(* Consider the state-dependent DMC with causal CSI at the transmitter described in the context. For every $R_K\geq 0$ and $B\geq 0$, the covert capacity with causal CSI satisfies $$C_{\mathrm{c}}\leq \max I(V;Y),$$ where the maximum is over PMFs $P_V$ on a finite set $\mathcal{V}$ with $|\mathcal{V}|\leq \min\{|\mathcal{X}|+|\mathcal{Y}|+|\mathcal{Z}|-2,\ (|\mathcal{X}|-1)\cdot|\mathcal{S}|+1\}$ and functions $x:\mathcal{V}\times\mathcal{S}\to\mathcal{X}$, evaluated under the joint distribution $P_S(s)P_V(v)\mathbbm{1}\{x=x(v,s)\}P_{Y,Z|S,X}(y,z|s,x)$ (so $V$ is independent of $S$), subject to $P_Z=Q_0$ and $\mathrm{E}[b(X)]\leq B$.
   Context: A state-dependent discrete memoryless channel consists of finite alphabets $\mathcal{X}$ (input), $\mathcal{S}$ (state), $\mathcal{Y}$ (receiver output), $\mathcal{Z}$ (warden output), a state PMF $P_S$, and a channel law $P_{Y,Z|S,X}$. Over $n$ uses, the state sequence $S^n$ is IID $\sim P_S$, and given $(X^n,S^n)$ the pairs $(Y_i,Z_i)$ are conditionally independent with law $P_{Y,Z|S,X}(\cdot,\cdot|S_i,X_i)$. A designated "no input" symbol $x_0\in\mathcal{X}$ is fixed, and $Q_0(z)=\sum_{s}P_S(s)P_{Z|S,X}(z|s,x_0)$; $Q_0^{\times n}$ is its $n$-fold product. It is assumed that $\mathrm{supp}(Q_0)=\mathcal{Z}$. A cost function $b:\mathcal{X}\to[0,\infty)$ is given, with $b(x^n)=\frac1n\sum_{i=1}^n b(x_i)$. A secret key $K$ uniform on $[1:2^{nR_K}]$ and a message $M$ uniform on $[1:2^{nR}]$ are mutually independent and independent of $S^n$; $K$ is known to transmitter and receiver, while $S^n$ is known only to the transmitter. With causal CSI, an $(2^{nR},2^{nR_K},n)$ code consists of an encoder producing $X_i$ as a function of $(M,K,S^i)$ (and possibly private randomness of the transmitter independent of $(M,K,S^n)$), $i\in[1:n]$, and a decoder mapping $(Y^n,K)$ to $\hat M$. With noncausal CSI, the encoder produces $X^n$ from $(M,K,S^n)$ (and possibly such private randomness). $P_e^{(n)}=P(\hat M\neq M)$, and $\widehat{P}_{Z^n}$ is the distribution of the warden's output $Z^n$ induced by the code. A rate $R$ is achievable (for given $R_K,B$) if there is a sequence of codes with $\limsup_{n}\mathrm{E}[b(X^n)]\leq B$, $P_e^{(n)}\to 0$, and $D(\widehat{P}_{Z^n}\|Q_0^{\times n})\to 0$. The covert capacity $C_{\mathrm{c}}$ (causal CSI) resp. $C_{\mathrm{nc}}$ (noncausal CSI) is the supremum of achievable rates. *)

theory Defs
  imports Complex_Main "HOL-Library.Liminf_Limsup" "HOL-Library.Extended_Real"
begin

• • • • • • •

Task instructions: Word for word, write out every entry shown above.

Written response:
(* Consider the state-dependent DMC with causal CSI at the transmitter described in the context. For every $R_K\geq 0$ and $B\geq 0$, the covert capacity with causal CSI satisfies $$C_{\mathrm{c}}\leq \max I(V;Y),$$ where the maximum is over PMFs $P_V$ on a finite set $\mathcal{V}$ with $|\mathcal{V}|\leq \min\{|\mathcal{X}|+|\mathcal{Y}|+|\mathcal{Z}|-2,\ (|\mathcal{X}|-1)\cdot|\mathcal{S}|+1\}$ and functions $x:\mathcal{V}\times\mathcal{S}\to\mathcal{X}$, evaluated under the joint distribution $P_S(s)P_V(v)\mathbbm{1}\{x=x(v,s)\}P_{Y,Z|S,X}(y,z|s,x)$ (so $V$ is independent of $S$), subject to $P_Z=Q_0$ and $\mathrm{E}[b(X)]\leq B$.
   Context: A state-dependent discrete memoryless channel consists of finite alphabets $\mathcal{X}$ (input), $\mathcal{S}$ (state), $\mathcal{Y}$ (receiver output), $\mathcal{Z}$ (warden output), a state PMF $P_S$, and a channel law $P_{Y,Z|S,X}$. Over $n$ uses, the state sequence $S^n$ is IID $\sim P_S$, and given $(X^n,S^n)$ the pairs $(Y_i,Z_i)$ are conditionally independent with law $P_{Y,Z|S,X}(\cdot,\cdot|S_i,X_i)$. A designated "no input" symbol $x_0\in\mathcal{X}$ is fixed, and $Q_0(z)=\sum_{s}P_S(s)P_{Z|S,X}(z|s,x_0)$; $Q_0^{\times n}$ is its $n$-fold product. It is assumed that $\mathrm{supp}(Q_0)=\mathcal{Z}$. A cost function $b:\mathcal{X}\to[0,\infty)$ is given, with $b(x^n)=\frac1n\sum_{i=1}^n b(x_i)$. A secret key $K$ uniform on $[1:2^{nR_K}]$ and a message $M$ uniform on $[1:2^{nR}]$ are mutually independent and independent of $S^n$; $K$ is known to transmitter and receiver, while $S^n$ is known only to the transmitter. With causal CSI, an $(2^{nR},2^{nR_K},n)$ code consists of an encoder producing $X_i$ as a function of $(M,K,S^i)$ (and possibly private randomness of the transmitter independent of $(M,K,S^n)$), $i\in[1:n]$, and a decoder mapping $(Y^n,K)$ to $\hat M$. With noncausal CSI, the encoder produces $X^n$ from $(M,K,S^n)$ (and possibly such private randomness). $P_e^{(n)}=P(\hat M\neq M)$, and $\widehat{P}_{Z^n}$ is the distribution of the warden's output $Z^n$ induced by the code. A rate $R$ is achievable (for given $R_K,B$) if there is a sequence of codes with $\limsup_{n}\mathrm{E}[b(X^n)]\leq B$, $P_e^{(n)}\to 0$, and $D(\widehat{P}_{Z^n}\|Q_0^{\times n})\to 0$. The covert capacity $C_{\mathrm{c}}$ (causal CSI) resp. $C_{\mathrm{nc}}$ (noncausal CSI) is the supremum of achievable rates. *)

theory Defs
  imports Complex_Main "HOL-Library.Liminf_Limsup" "HOL-Library.Extended_Real"
begin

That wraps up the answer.